Should the word "open" occur in a line of the records, copy that line.
─── Source material ───
definition components :: "'a set \<Rightarrow> ('a \<Rightarrow> 'a \<Rightarrow> bool) \<Rightarrow> 'a set set" where
  "components W E = W // induced_conn W E"

definition num_components :: "'a set \<Rightarrow> ('a \<Rightarrow> 'a \<Rightarrow> bool) \<Rightarrow> nat" where
  "num_components W E = card (components W E)"

definition vertex_cut :: "'a set \<Rightarrow> ('a \<Rightarrow> 'a \<Rightarrow> bool) \<Rightarrow> 'a set \<Rightarrow> bool" where
  "vertex_cut V E S \<longleftrightarrow> S \<subseteq> V \<and> num_components (V - S) E \<ge> 2"

definition toughness :: "'a set \<Rightarrow> ('a \<Rightarrow> 'a \<Rightarrow> bool) \<Rightarrow> real" where
  "toughness V E = Inf {real (card S) / real (num_components (V - S) E) | S. vertex_cut V E S}"

definition independent_set :: "'a set \<Rightarrow> ('a \<Rightarrow> 'a \<Rightarrow> bool) \<Rightarrow> 'a set \<Rightarrow> bool" where
  "independent_set V E I \<longleftrightarrow> I \<subseteq> V \<and> (\<forall>x\<in>I. \<forall>y\<in>I. \<not> E x y)"

definition max_independent_set :: "'a set \<Rightarrow> ('a \<Rightarrow> 'a \<Rightarrow> bool) \<Rightarrow> 'a set \<Rightarrow> bool" where
  "max_independent_set V E I \<longleftrightarrow> independent_set V E I \<and>
     (\<forall>J. independent_set V E J \<longrightarrow> card J \<le> card I)"

end

theory Submission
  imports Defs
begin

(* Let S be a vertex cut of K(3k, k) with k >= 3.  For a vertex x, the map
   y |-> [3k] - x - y matches the C(2k, k) neighbours of x in adjacent pairs, so each
   pair meets at most one component of K - S.  Weigh a component C by the number of
   (x, y) with x in S and y in a pair at x meeting C; the weights sum to at most
   C(2k, k) |S|.  Counting edges between C and S shows that every weight is at least
   2 C(2k, k), strictly so if |C| >= 2; the key input is that a vertex of C has at
   least k + 1 neighbours in S, namely its common neighbours with a vertex of another
   component.  Hence |S| >= 2 c(K - S), with equality only if K - S is independent.
   Applied to the complement of an independent set J this gives the Erdos-Ko-Rado
   bound |J| <= C(3k - 1, k - 1), and the star of a point attains the ratio 2. *)

section \<open>Connected components of induced subgraphs\<close>

lemma equiv_induced_conn:
  assumes "symp E"
  shows "equiv W (induced_conn W E)"
proof -
  let ?r = "{(x, y). x \<in> W \<and> y \<in> W \<and> E x y}"
  have "?r\<^sup>+ \<subseteq> W \<times> W"
    by (rule trancl_subset_Sigma) auto
  moreover have "sym (?r\<^sup>+)"
    using assms by (intro sym_trancl) (auto simp: sym_def symp_def)
  ultimately show ?thesis
    unfolding induced_conn_def
    by (intro equivI) (auto simp: refl_on_def sym_def trans_def intro: trancl_trans)
qed

lemma finite_components: "finite W \<Longrightarrow> finite (components W E)"
  unfolding components_def induced_conn_def
  by (rule finite_quotient) (auto dest: trancl_subset_Sigma[THEN subsetD, rotated])

lemma components_subset: "C \<in> components W E \<Longrightarrow> C \<subseteq> W"
  unfolding components_def induced_conn_def
  by (auto simp: quotient_def dest: trancl_subset_Sigma[THEN subsetD, rotated])

lemma components_nonempty: "symp E \<Longrightarrow> C \<in> components W E \<Longrightarrow> C \<noteq> {}"
  unfolding components_def by (metis equiv_induced_conn in_quotient_imp_non_empty)

lemma components_disjoint:
  "symp E \<Longrightarrow> C \<in> components W E \<Longrightarrow> C' \<in> components W E \<Longrightarrow> C \<noteq> C' \<Longrightarrow> C \<inter> C' = {}"
  unfolding components_def by (metis equiv_induced_conn quotient_disj)

lemma Union_components: "symp E \<Longrightarrow> \<Union> (components W E) = W"
  unfolding components_def by (metis equiv_induced_conn Union_quotient)

lemma component_closed:
  assumes "symp E" "C \<in> components W E" "x \<in> C" "y \<in> W" "E x y"
  shows "y \<in> C"
proof -
  have "x \<in> W" using assms components_subset by blast
  then have "(x, y) \<in> induced_conn W E"
    using assms unfolding induced_conn_def by auto
  then show ?thesis
    using assms unfolding components_def by (metis equiv_induced_conn in_quotient_imp_closed)
qed

lemma exists_outside_component:
  assumes "symp E" "2 \<le> num_components W E" "C \<in> components W E"
  obtains d where "d \<in> W - C"
proof -
  have "components W E \<noteq> {C}"
    using assms(2) unfolding num_components_def by auto
  then obtain C' where "C' \<in> components W E" "C' \<noteq> C"
    using assms(3) by blast
  then show ?thesis
    using that components_nonempty[OF assms(1)] components_subset components_disjoint[OF assms(1) assms(3)]
    by blast
qed

lemma components_trivial_adjacent_eq:
  assumes "symp E" "finite W" "\<And>C. C \<in> components W E \<Longrightarrow> card C \<le> 1"
    and "x \<in> W" "y \<in> W" "E x y"
  shows "x = y"
proof -
  obtain C where C: "C \<in> components W E" "x \<in> C"
    using assms(4) Union_components[OF assms(1)] by blast
  moreover have "y \<in> C"
    using component_closed[OF assms(1) C assms(5,6)] .
  moreover have "finite C"
    using finite_subset[OF components_subset[OF C(1)] assms(2)] .
  ultimately show ?thesis
    using assms(3) card_le_Suc0_iff_eq by (metis One_nat_def)
qed

lemma num_components_edgeless:
  assumes "\<And>x y. x \<in> W \<Longrightarrow> y \<in> W \<Longrightarrow> \<not> E x y"
  shows "num_components W E = card W"
proof -
  have "{(x, y). x \<in> W \<and> y \<in> W \<and> E x y} = {}"
    using assms by auto
  then have "induced_conn W E = Id_on W"
    unfolding induced_conn_def by (simp only: trancl_empty) simp
  then have "components W E = (\<lambda>a. {a}) ` W"
    unfolding components_def quotient_def by auto
  then show ?thesis
    unfolding num_components_def by (simp add: card_image)
qed

section \<open>Kneser graphs\<close>

definition kneser_nbrs :: "nat \<Rightarrow> nat \<Rightarrow> nat set \<Rightarrow> nat set set" where
  "kneser_nbrs n k x = {y \<in> kneser_verts n k. kneser_adj x y}"

lemma symp_kneser_adj: "symp kneser_adj"
  unfolding symp_def kneser_adj_def by blast

lemma kneser_verts_iff: "x \<in> kneser_verts n k \<longleftrightarrow> x \<subseteq> {1..n} \<and> card x = k"
  unfolding kneser_verts_def by simp

lemma finite_kneser_vert: "x \<in> kneser_verts n k \<Longrightarrow> finite x"
  unfolding kneser_verts_iff using finite_subset by blast

lemma finite_kneser_verts: "finite (kneser_verts n k)"
  unfolding kneser_verts_def by (rule finite_subset[of _ "Pow {1..n}"]) auto

lemma card_kneser_verts: "card (kneser_verts n k) = n choose k"
  unfolding kneser_verts_def by (simp add: n_subsets)

lemma kneser_adj_irrefl: "x \<in> kneser_verts n k \<Longrightarrow> 0 < k \<Longrightarrow> \<not> kneser_adj x x"
  unfolding kneser_adj_def kneser_verts_iff by auto

lemma kneser_nbrs_subset: "kneser_nbrs n k x \<subseteq> kneser_verts n k"
  unfolding kneser_nbrs_def by blast

lemma finite_kneser_nbrs: "finite (kneser_nbrs n k x)"
  using finite_subset[OF kneser_nbrs_subset finite_kneser_verts] .

lemma card_kneser_nbrs:
  assumes "x \<in> kneser_verts n k"
  shows "card (kneser_nbrs n k x) = (n - k) choose k"
proof -
  have "kneser_nbrs n k x = {y. y \<subseteq> {1..n} - x \<and> card y = k}"
    unfolding kneser_nbrs_def kneser_verts_def kneser_adj_def by auto
  moreover have "card ({1..n} - x) = n - k"
    using assms finite_kneser_vert[OF assms] by (simp add: kneser_verts_iff card_Diff_subset)
  ultimately show ?thesis
    by (simp add: n_subsets)
qed

lemma common_kneser_nbrs_ge:
  assumes "v \<in> kneser_verts n k" "d \<in> kneser_verts n k" "\<not> kneser_adj v d"
  shows "(n + 1 - 2 * k) choose k \<le> card (kneser_nbrs n k v \<inter> kneser_nbrs n k d)"
proof -
  have fin: "finite v" "finite d"
    using assms finite_kneser_vert by blast+
  have "1 \<le> card (v \<inter> d)"
    using assms fin by (simp add: kneser_adj_def Suc_le_eq card_gt_0_iff)
  then have "card (v \<union> d) + 1 \<le> 2 * k"
    using card_Un_Int[OF fin] assms by (simp add: kneser_verts_iff)
  moreover have "v \<union> d \<subseteq> {1..n}"
    using assms by (auto simp: kneser_verts_iff)
  ultimately have "n + 1 - 2 * k \<le> card ({1..n} - (v \<union> d))"
    by (simp add: card_Diff_subset fin)
  then obtain T where T: "T \<subseteq> {1..n} - (v \<union> d)" "card T = n + 1 - 2 * k"
    using obtain_subset_with_card_n by metis
  have "{y. y \<subseteq> T \<and> card y = k} \<subseteq> kneser_nbrs n k v \<inter> kneser_nbrs n k d"
    using T(1) by (auto simp: kneser_nbrs_def kneser_verts_iff kneser_adj_def)
  then have "card {y. y \<subseteq> T \<and> card y = k} \<le> card (kneser_nbrs n k v \<inter> kneser_nbrs n k d)"
    by (intro card_mono) (simp_all add: finite_kneser_nbrs)
  moreover have "finite T"
    using T(1) finite_subset by blast
  ultimately show ?thesis
    using T(2) by (simp add: n_subsets)
qed

lemma card_kneser_star:
  assumes "a \<in> {1..n}" "0 < k"
  shows "card {x \<in> kneser_verts n k. a \<in> x} = (n - 1) choose (k - 1)"
proof -
  have "kneser_verts n k - {x \<in> kneser_verts n k. a \<in> x} = {y. y \<subseteq> {1..n} - {a} \<and> card y = k}"
    unfolding kneser_verts_def by auto
  then have "card (kneser_verts n k) - card {x \<in> kneser_verts n k. a \<in> x} = (n - 1) choose k"
    using assms by (simp add: card_Diff_subset[symmetric] finite_kneser_verts n_subsets)
  moreover have "card {x \<in> kneser_verts n k. a \<in> x} \<le> card (kneser_verts n k)"
    by (intro card_mono finite_kneser_verts) blast
  moreover have "n choose k = ((n - 1) choose (k - 1)) + ((n - 1) choose k)"
    using assms by (intro choose_reduce_nat) auto
  ultimately show ?thesis
    unfolding card_kneser_verts by linarith
qed

lemma binomial_three_times:
  assumes "0 < k"
  shows "(3 * k) choose k = 3 * ((3 * k - 1) choose (k - 1))"
  using times_binomial_minus1_eq[OF assms, of "3 * k"] assms by simp

definition third_part :: "nat \<Rightarrow> nat set \<Rightarrow> nat set \<Rightarrow> nat set" where
  "third_part n x y = {1..n} - x - y"

lemma third_part_kneser_nbrs:
  assumes "x \<in> kneser_verts (3 * k) k" "y \<in> kneser_nbrs (3 * k) k x"
  shows "third_part (3 * k) x y \<in> kneser_nbrs (3 * k) k x"
    and "third_part (3 * k) x y \<in> kneser_nbrs (3 * k) k y"
    and "third_part (3 * k) x (third_part (3 * k) x y) = y"
proof -
  have y: "y \<in> kneser_verts (3 * k) k" "x \<inter> y = {}"
    using assms(2) by (auto simp: kneser_nbrs_def kneser_adj_def)
  have fin: "finite x" "finite y"
    using assms(1) y(1) finite_kneser_vert by blast+
  have "x \<union> y \<subseteq> {1..3 * k}" "card (x \<union> y) = 2 * k"
    using assms(1) y fin by (auto simp: kneser_verts_iff card_Un_disjoint)
  then have "card ({1..3 * k} - (x \<union> y)) = k"
    using fin by (simp add: card_Diff_subset)
  moreover have "third_part (3 * k) x y = {1..3 * k} - (x \<union> y)"
    unfolding third_part_def by blast
  ultimately have "third_part (3 * k) x y \<in> kneser_verts (3 * k) k"
    by (simp add: kneser_verts_iff)
  then show "third_part (3 * k) x y \<in> kneser_nbrs (3 * k) k x"
    and "third_part (3 * k) x y \<in> kneser_nbrs (3 * k) k y"
    by (auto simp: kneser_nbrs_def kneser_adj_def third_part_def)
  show "third_part (3 * k) x (third_part (3 * k) x y) = y"
    using y by (auto simp: third_part_def kneser_verts_iff)
qed

section \<open>Cuts of the Kneser graph K(3k, k)\<close>

lemma sum_card_filter_swap:
  assumes "finite A" "finite B"
  shows "(\<Sum>x\<in>A. card {y \<in> B. R x y}) = (\<Sum>y\<in>B. card {x \<in> A. R x y})"
proof -
  have filter: "card {y \<in> Y. P y} = (\<Sum>y\<in>Y. if P y then 1 else 0)" if "finite Y" for Y :: "'c set" and P
    using that by (simp only: card_eq_sum sum.inter_filter)
  show ?thesis
    using assms by (simp only: filter) (rule sum.swap)
qed

lemma card_Un_image_involution:
  assumes "finite A" "A \<subseteq> N" "\<And>y. y \<in> N \<Longrightarrow> f y \<in> N \<and> f (f y) = y"
  shows "card (A \<union> f ` A) + card {y \<in> A. f y \<in> A} = 2 * card A"
proof -
  have "inj_on f A"
    using assms(2,3) by (metis inj_onI subsetD)
  moreover have "A \<inter> f ` A = {y \<in> A. f y \<in> A}"
    using assms(2,3) by force
  ultimately show ?thesis
    using card_Un_Int[of A "f ` A"] assms(1) by (simp add: card_image)
qed

lemma sum_card_kneser_nbrs_swap:
  assumes "A \<subseteq> kneser_verts n k" "B \<subseteq> kneser_verts n k"
  shows "(\<Sum>x\<in>A. card (kneser_nbrs n k x \<inter> B)) = (\<Sum>y\<in>B. card (kneser_nbrs n k y \<inter> A))"
proof -
  have fin: "finite A" "finite B"
    using assms finite_kneser_verts finite_subset by blast+
  have "kneser_nbrs n k x \<inter> B = {y \<in> B. kneser_adj x y}" for x
    using assms(2) by (auto simp: kneser_nbrs_def)
  moreover have "kneser_nbrs n k y \<inter> A = {x \<in> A. kneser_adj x y}" for y
    using assms(1) by (auto simp: kneser_nbrs_def kneser_adj_def)
  ultimately show ?thesis
    using sum_card_filter_swap[OF fin] by simp
qed

text \<open>\<open>pairs_meeting k x C\<close> is the union of the pairs \<open>{y, third_part (3 * k) x y}\<close>
  of neighbours of \<open>x\<close> that meet \<open>C\<close>.\<close>

definition pairs_meeting :: "nat \<Rightarrow> nat set \<Rightarrow> nat set set \<Rightarrow> nat set set" where
  "pairs_meeting k x C =
     {y \<in> kneser_nbrs (3 * k) k x. y \<in> C \<or> third_part (3 * k) x y \<in> C}"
───
→ Completed task:
section \<open>Connected components of induced subgraphs\<close>
section \<open>Kneser graphs\<close>
section \<open>Cuts of the Kneser graph K(3k, k)\<close>
text \<open>\<open>pairs_meeting k x C\<close> is the union of the pairs \<open>{y, third_part (3 * k) x y}\<close>
  of neighbours of \<open>x\<close> that meet \<open>C\<close>.\<close>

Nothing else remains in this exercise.